Sunday, April 1, 2012

Frankly my dear, go do suicide.



Those of you have known me a decent length of time, know my wild fluctuations in the process of deciding on a career. With my terribly unstable mind, only one degree will do. It is a most fluid degree. As someone once told me, “Oh, that’s the degree people do and then no matter what job they get, say, ‘Ah, this is what I was trained for.’” Let’s not give this degree a name. I don’t want to compound my embarrassment when I decide on something else a month from now. Let’s call it, degree X.

Though my mind is unstable, it has brief spells of single-mindedness. So, I am currently, preparing in real earnest to take the exam that will qualify me to go to X-school, where I will graduate with degree X. So, to attend a good X-school, I joined a class where they train you to write the X-exam. Here, the real story begins. At my class, we took a mock test to judge our levels of proficiency. We were then split into tailored batches, to brush up on our strengths, etc. Turns out, I did well on the test. Rather well. I was shifted to a ‘special’ batch, halfway across town. It was all very hush-hush. They didn’t even give me proper directions. Sort of a rite of passage thing, finding the place.

I did. I walked up two flights of stairs, past a dog and across a puddle of residual A/C water. I had arrived. I signed the attendance sheet and was ushered into a bright, neon-lit room where the other candidates sat.

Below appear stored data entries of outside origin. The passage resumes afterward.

(* Let $D$ be any derivation of $\mathfrak{g}_1\underline{\times}\mathfrak{g}_2$, and write $D_{ij}=p_iDp_j$. Then: (1) for $i=1,2$, the restriction of $D_{ii}$ to $\mathfrak{g}_i$ is a derivation of $\mathfrak{g}_i$; (2) $D_{21}(C^1\mathfrak{g}_1)=D_{12}(C^1\mathfrak{g}_2)=0$; (3) $D_{i3}(\mathfrak{g}_3)\subset Z(\mathfrak{g}_i)$ for $i=1,2$; (4) $D_{12}(\mathfrak{g}_2)\subset T_1$ and $D_{21}(\mathfrak{g}_1)\subset T_2$, where $T_i=\{Y\in\mathfrak{g}_i : [Y,\mathfrak{g}_i]\subset Z(\mathfrak{g}_i)\}$ for $i=1,2$.
   Context: All Lie algebras are finite-dimensional, complex, nilpotent and nonabelian. $C^1\mathfrak{g}=[\mathfrak{g},\mathfrak{g}]$; $Z(\mathfrak{g})$ is the center. Product by generators: for $\mathfrak{g}_1,\mathfrak{g}_2$ of dimensions $m_1,m_2$ take bases $\{X_1,\dots,X_{m_1}\}$, $\{X'_1,\dots,X'_{m_2}\}$ such that $X_1,\dots,X_{n_1}$ generate $\mathfrak{g}_1$ and $X_{n_1+1},\dots,X_{m_1}$ span $C^1\mathfrak{g}_1$, and similarly for $\mathfrak{g}_2$ with $n_2$ generators. $\mathfrak{g}_1\underline{\times}\mathfrak{g}_2$ is the Lie algebra on $\mathfrak{g}_1\oplus\mathfrak{g}_2\oplus\mathfrak{g}_3$, $\mathfrak{g}_3=\langle Z_1,\dots,Z_{n_1n_2}\rangle$, with the brackets of $\mathfrak{g}_1$ and of $\mathfrak{g}_2$, $[X_i,X'_j]=Z_{(i-1)n_2+j}$ for $i\le n_1$, $j\le n_2$, $[X_i,X'_j]=0$ otherwise, and $\mathfrak{g}_3$ central. $p_i$ ($i=1,2,3$) is the projection of $\mathfrak{g}_1\oplus\mathfrak{g}_2\oplus\mathfrak{g}_3$ onto $\mathfrak{g}_i$. *)

theory Defs
  imports Complex_Main
begin

text \<open>A complex Lie algebra of dimension m is represented on the
carrier vec m = vectors nat => complex supported on {0..<m}; the standard basis
vector e i (i < m) plays the role of the basis element X_(i+1).\<close>

type_synonym cvec = "nat \<Rightarrow> complex"
type_synonym bracket = "cvec \<Rightarrow> cvec \<Rightarrow> cvec"

definition vzero :: cvec where "vzero = (\<lambda>_. 0)"
definition vadd :: "cvec \<Rightarrow> cvec \<Rightarrow> cvec" where "vadd x y = (\<lambda>i. x i + y i)"
definition scal :: "complex \<Rightarrow> cvec \<Rightarrow> cvec" where "scal c x = (\<lambda>i. c * x i)"
definition ebas :: "nat \<Rightarrow> cvec" where "ebas j = (\<lambda>i. if i = j then 1 else 0)"

definition vec :: "nat \<Rightarrow> cvec set" where "vec m = {x. \<forall>i\<ge>m. x i = 0}"

inductive_set cspan :: "cvec set \<Rightarrow> cvec set" for S where
  cspan_zero: "vzero \<in> cspan S"
| cspan_step: "s \<in> S \<Longrightarrow> v \<in> cspan S \<Longrightarrow> vadd (scal c s) v \<in> cspan S"

definition lie_alg :: "nat \<Rightarrow> bracket \<Rightarrow> bool" where
  "lie_alg m br \<longleftrightarrow>
     (\<forall>x\<in>vec m. \<forall>y\<in>vec m. br x y \<in> vec m) \<and>
     (\<forall>x\<in>vec m. \<forall>y\<in>vec m. \<forall>z\<in>vec m. br (vadd x y) z = vadd (br x z) (br y z)) \<and>
     (\<forall>x\<in>vec m. \<forall>y\<in>vec m. \<forall>z\<in>vec m. br z (vadd x y) = vadd (br z x) (br z y)) \<and>
     (\<forall>c x y. x \<in> vec m \<longrightarrow> y \<in> vec m \<longrightarrow> br (scal c x) y = scal c (br x y)) \<and>
     (\<forall>c x y. x \<in> vec m \<longrightarrow> y \<in> vec m \<longrightarrow> br y (scal c x) = scal c (br y x)) \<and>
     (\<forall>x\<in>vec m. br x x = vzero) \<and>
     (\<forall>x\<in>vec m. \<forall>y\<in>vec m. \<forall>z\<in>vec m.
        vadd (br x (br y z)) (vadd (br y (br z x)) (br z (br x y))) = vzero)"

Very Men in Black.

I sat. Then my tutor from the earlier classes came in. “So, you guys are all knowing why you’re here?” We smiled smugly. “Ya, ok, first congratulations, excellent, like very good job, you guys have done!” Oh, come on, I thought: hand out the sweets and the back-pats already. But there was a conspicuous lack of sweets. The tutor went on for a bit about how awesome we were. At this moment, the Centre Manager barged in. We had only heard of CM before. Here he was, in the flesh: a lot of flesh. He plonked himself onto Tutor’s chair and gave the class an appraising look. Tutor had, by this time, begun talking about which X-schools we should consider. He named some big names. Specifically, he spoke of Colleges A, B and C. (Sorry for being so cryptic.) Already, some of us were uneasy. Were we good enough? Did we really deserve this? But then, CM raised a calming hand, as if he had read our fears. Tutor stepped aside. And CM began his speech. To paraphrase it, well, it’d be likely paraphrasing Mark Antony’s funeral oration. So, here, in full:

My dears, I am looking around and I see ok, your faces. That guy back there he’s turning to his friend and looking worried. He’s thinking ‘Dei, what this fellow is talking? How we’ll get into those schools?’ [nervous laughter] Right? Right, ya? My dear, let me tell you, this class is only for people who want to get into A, B, C. If you want to go to other X-schools means, better you leave. Ya, why, you’re looking like that? You guys are only A, B, C. If you get any other call-backs means, I will consider it a failure. You should not be applying anywhere else. Just A, B, C. That too, mostly A. All of you should get into A. [petrified silence] Ha ha ha ha ha! [Everybody laughs.] I’m not joking. [Everybody shuts up.] Why you think, my dear, that you cannot get into A? Tell me, one person here give my any reason [no pause] see nobody has any reason! How many of you are here? 30? Ok, I want 30 offers from College A this year.

To get into these places you need to put in hard work. You must believe in yourself. And you must always think that you will get into these colleges. Then you need not apply anywhere else. And think, you will be lucky. But keep working hard, because luck favours those who work hard.

So, can we say 99 percentile is good enough? What, can we say that? I can see some smiles. My dear, 99% is not good enough. Ok, let’s take 99.4 or maybe 99.5? How’s that? Better, no? I say, it is a waste. Just think, suppose you target 99.6% and the cut-off mark for College A is 99.7%. My dear, better to go do suicide.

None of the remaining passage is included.